- [What is required] Pick out the lines below with "across" and list them.

- [Source information]
==============================

(* Let $k\ge2$ and let $G,H$ be graphs. Let $u,v$ be vertices belonging to the same $2$-connected component of $G$, and let $u',v'$ be vertices of $H$ that are not contained in a common $2$-connected component of $H$. Then $\chi^k_G(u,v)\ne\chi^k_H(u',v')$.
   Context: Graphs are finite, simple, undirected (possibly vertex- or arc-colored; uncolored graphs are monochromatic). A graph is $2$-connected if it has more than $2$ vertices and removing any single vertex leaves it connected. A $2$-connected component of $G$ is an inclusion-maximal set $S'\subseteq V(G)$ such that $G[S']$ is $2$-connected. For $k\ge2$, the $k$-dimensional Weisfeiler–Leman algorithm computes a coloring of $V(G)^k$: the initial color of a tuple consists of its input color and the isomorphism type of the ordered induced subgraph on its entries; in each round the new color of $\bar v$ is the pair of its old color and the multiset, over $w\in V(G)$, of the $k$-tuples whose $i$-th component is the old color of $\bar v$ with its $i$-th entry replaced by $w$; the stable coloring is $\chi^k_G$, with canonical colors comparable across graphs. For $\ell<k$, $\chi^k_G(u_1,\dots,u_\ell):=\chi^k_G(u_1,\dots,u_\ell,u_\ell,\dots,u_\ell)$ (last entry repeated $k-\ell$ times). *)

theory Defs
  imports Main "HOL-Library.Multiset"
begin

text \<open>Finite simple undirected graphs with vertex colours and arc colours
  (colours on ordered pairs of adjacent vertices). Uncoloured graphs are
  those with constant colour functions.\<close>

record ('a, 'c) cgraph =
  verts :: "'a set"
  adj   :: "'a \<Rightarrow> 'a \<Rightarrow> bool"
  vcol  :: "'a \<Rightarrow> 'c"
  acol  :: "'a \<Rightarrow> 'a \<Rightarrow> 'c"

definition wf_graph :: "('a, 'c, 'z) cgraph_scheme \<Rightarrow> bool" where
  "wf_graph G \<longleftrightarrow> finite (verts G)
     \<and> (\<forall>x y. adj G x y \<longrightarrow> x \<in> verts G \<and> y \<in> verts G)
     \<and> (\<forall>x y. adj G x y \<longrightarrow> adj G y x)
     \<and> (\<forall>x. \<not> adj G x x)"

definition edges_on :: "('a, 'c, 'z) cgraph_scheme \<Rightarrow> 'a set \<Rightarrow> ('a \<times> 'a) set" where
  "edges_on G S = {(x, y). x \<in> S \<and> y \<in> S \<and> adj G x y}"

definition connected_on :: "('a, 'c, 'z) cgraph_scheme \<Rightarrow> 'a set \<Rightarrow> bool" where
  "connected_on G S \<longleftrightarrow> (\<forall>x\<in>S. \<forall>y\<in>S. (x, y) \<in> (edges_on G S)\<^sup>*)"

definition two_connected_on :: "('a, 'c, 'z) cgraph_scheme \<Rightarrow> 'a set \<Rightarrow> bool" where
  "two_connected_on G S \<longleftrightarrow> card S > 2 \<and> (\<forall>x\<in>S. connected_on G (S - {x}))"

definition is_2cc :: "('a, 'c, 'z) cgraph_scheme \<Rightarrow> 'a set \<Rightarrow> bool" where
  "is_2cc G S \<longleftrightarrow> S \<subseteq> verts G \<and> two_connected_on G S
     \<and> (\<forall>T. S \<subseteq> T \<and> T \<subseteq> verts G \<and> two_connected_on G T \<longrightarrow> T = S)"

text \<open>Canonical colours, comparable across graphs: an initial (atomic) colour,
  or a refined colour consisting of the old colour and a multiset of k-tuples
  (lists) of old colours.\<close>
datatype 'c wlcol =
    Init "'c list \<times> (bool \<times> bool \<times> 'c option) list list"
  | Refine "'c wlcol" "'c wlcol list multiset"

text \<open>Initial colour of a tuple: input (vertex) colours of the entries and the
  ordered isomorphism type of the induced subgraph (equalities, adjacencies and
  arc colours).\<close>
definition atp :: "('a, 'c, 'z) cgraph_scheme \<Rightarrow> 'a list \<Rightarrow> 'c list \<times> (bool \<times> bool \<times> 'c option) list list" where
  "atp G t = (map (vcol G) t,
     map (\<lambda>x. map (\<lambda>y. (x = y, adj G x y, if adj G x y then Some (acol G x y) else None)) t) t)"

primrec wl_col :: "('a, 'c, 'z) cgraph_scheme \<Rightarrow> nat \<Rightarrow> nat \<Rightarrow> 'a list \<Rightarrow> 'c wlcol" where
  "wl_col G k 0 = (\<lambda>t. Init (atp G t))"
| "wl_col G k (Suc r) = (\<lambda>t. Refine (wl_col G k r t)
      (image_mset (\<lambda>w. map (\<lambda>i. wl_col G k r (t[i := w])) [0..<k]) (mset_set (verts G))))"

text \<open>Stable colour: the whole sequence of iterated colours (two tuples have the
  same stable colour iff they have the same colour after every round).\<close>
definition wl_stable :: "('a, 'c, 'z) cgraph_scheme \<Rightarrow> nat \<Rightarrow> 'a list \<Rightarrow> nat \<Rightarrow> 'c wlcol" where
  "wl_stable G k t = (\<lambda>r. wl_col G k r t)"

definition wl_pair :: "('a, 'c, 'z) cgraph_scheme \<Rightarrow> nat \<Rightarrow> 'a \<Rightarrow> 'a \<Rightarrow> nat \<Rightarrow> 'c wlcol" where
  "wl_pair G k u v = wl_stable G k (u # replicate (k - 1) v)"

end

(*
  Both k-WL colourings record, for every pair of pebbled vertices x, y, the number of walks of
  each length from x to y, and (being stable) allow every single-pebble move in one graph to be
  answered in the other. Splitting walks at their first visit of z gives, for the generating
  functions W, the identity W(x,y) W(z,z) = W_z(x,y) W(z,z) + W(x,z) W(z,y), where W_z counts walks
  avoiding z; as W(z,z) is invertible, walks avoiding a pebbled vertex z are counted by the colours
  too. Hence the facts that u, v of a 2-connected set are joined, are not separated by any third
  vertex, and (if adjacent) are joined by a second route, carry over from u, v to u', v'. These
  three facts put u', v' into a common 2-connected set, grown along a path by adding ears.
*)
theory Submission
  imports Defs "HOL-Computational_Algebra.Formal_Power_Series" "HOL-Library.Transitive_Closure_Table"
begin

primrec walks_avoiding :: "('a, 'c, 'z) cgraph_scheme \<Rightarrow> 'a set \<Rightarrow> nat \<Rightarrow> 'a \<Rightarrow> 'a \<Rightarrow> nat" where
  "walks_avoiding X Z 0 a b = (if a = b \<and> a \<notin> Z then 1 else 0)"
| "walks_avoiding X Z (Suc n) a b =
     (if a \<in> Z then 0 else (\<Sum>w\<in>verts X. if adj X a w then walks_avoiding X Z n w b else 0))"

primrec first_passage_walks :: "('a, 'c, 'z) cgraph_scheme \<Rightarrow> 'a \<Rightarrow> nat \<Rightarrow> 'a \<Rightarrow> nat" where
  "first_passage_walks X z 0 a = (if a = z then 1 else 0)"
| "first_passage_walks X z (Suc n) a =
     (if a = z then 0 else (\<Sum>w\<in>verts X. if adj X a w then first_passage_walks X z n w else 0))"

lemma walks_avoiding_split_first_visit:
  "walks_avoiding X {} n a b = walks_avoiding X {z} n a b
     + (\<Sum>i\<le>n. first_passage_walks X z i a * walks_avoiding X {} (n - i) z b)"
proof (induction n arbitrary: a)
  case 0
  then show ?case by auto
next
  case (Suc n)
  show ?case
  proof (cases "a = z")
    case True
    have "(\<Sum>i\<le>Suc n. first_passage_walks X z i a * walks_avoiding X {} (Suc n - i) z b)
        = first_passage_walks X z 0 a * walks_avoiding X {} (Suc n) z b
          + (\<Sum>i\<le>n. first_passage_walks X z (Suc i) a * walks_avoiding X {} (n - i) z b)"
      by (subst sum.atMost_Suc_shift) simp
    also have "\<dots> = walks_avoiding X {} (Suc n) a b" using True by simp
    finally show ?thesis using True by simp
  next
    case False
    let ?F = "\<lambda>i w. if adj X a w then first_passage_walks X z i w else 0"
    have "walks_avoiding X {} (Suc n) a b = (\<Sum>w\<in>verts X. if adj X a w then walks_avoiding X {z} n w b
        + (\<Sum>i\<le>n. first_passage_walks X z i w * walks_avoiding X {} (n - i) z b) else 0)"
      by (simp add: Suc.IH cong: if_cong)
    also have "\<dots> = (\<Sum>w\<in>verts X. if adj X a w then walks_avoiding X {z} n w b else 0)
        + (\<Sum>w\<in>verts X. \<Sum>i\<le>n. ?F i w * walks_avoiding X {} (n - i) z b)"
      by (auto simp: sum.distrib[symmetric] sum_distrib_left intro!: sum.cong)
    also have "(\<Sum>w\<in>verts X. \<Sum>i\<le>n. ?F i w * walks_avoiding X {} (n - i) z b)
        = (\<Sum>i\<le>n. first_passage_walks X z (Suc i) a * walks_avoiding X {} (Suc n - Suc i) z b)"
      using False by (subst sum.swap) (simp add: sum_distrib_right)
    also have "\<dots> = (\<Sum>i\<le>Suc n. first_passage_walks X z i a * walks_avoiding X {} (Suc n - i) z b)"
      using False by (simp only: sum.atMost_Suc_shift) simp
    finally show ?thesis using False by simp
  qed
qed

lemma walks_avoiding_from_avoided: "a \<in> Z \<Longrightarrow> walks_avoiding X Z n a b = 0"
  by (cases n) simp_all

lemma walks_avoiding_to_avoided: "b \<in> Z \<Longrightarrow> walks_avoiding X Z n a b = 0"
  by (induction n arbitrary: a) (simp_all cong: if_cong)

definition walk_fps :: "('a, 'c, 'z) cgraph_scheme \<Rightarrow> 'a set \<Rightarrow> 'a \<Rightarrow> 'a \<Rightarrow> int fps" where
  "walk_fps X Z a b = Abs_fps (\<lambda>n. int (walks_avoiding X Z n a b))"

definition first_passage_fps :: "('a, 'c, 'z) cgraph_scheme \<Rightarrow> 'a \<Rightarrow> 'a \<Rightarrow> int fps" where
  "first_passage_fps X z a = Abs_fps (\<lambda>n. int (first_passage_walks X z n a))"

lemma walk_fps_eq_iff: "walk_fps X Z a b = walk_fps Y Z' a' b'
    \<longleftrightarrow> (\<forall>n. walks_avoiding X Z n a b = walks_avoiding Y Z' n a' b')"
  by (simp add: walk_fps_def fps_eq_iff)

lemma walk_fps_split_first_visit:
  "walk_fps X {} a b = walk_fps X {z} a b + first_passage_fps X z a * walk_fps X {} z b"
  by (rule fps_ext)
    (simp add: walk_fps_def first_passage_fps_def fps_mult_nth atLeast0AtMost
      walks_avoiding_split_first_visit[of X n a b z for n])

==============================

- [Finished exercise]
   Context: Graphs are finite, simple, undirected (possibly vertex- or arc-colored; uncolored graphs are monochromatic). A graph is $2$-connected if it has more than $2$ vertices and removing any single vertex leaves it connected. A $2$-connected component of $G$ is an inclusion-maximal set $S'\subseteq V(G)$ such that $G[S']$ is $2$-connected. For $k\ge2$, the $k$-dimensional Weisfeiler–Leman algorithm computes a coloring of $V(G)^k$: the initial color of a tuple consists of its input color and the isomorphism type of the ordered induced subgraph on its entries; in each round the new color of $\bar v$ is the pair of its old color and the multiset, over $w\in V(G)$, of the $k$-tuples whose $i$-th component is the old color of $\bar v$ with its $i$-th entry replaced by $w$; the stable coloring is $\chi^k_G$, with canonical colors comparable across graphs. For $\ell<k$, $\chi^k_G(u_1,\dots,u_\ell):=\chi^k_G(u_1,\dots,u_\ell,u_\ell,\dots,u_\ell)$ (last entry repeated $k-\ell$ times). *)
text \<open>Canonical colours, comparable across graphs: an initial (atomic) colour,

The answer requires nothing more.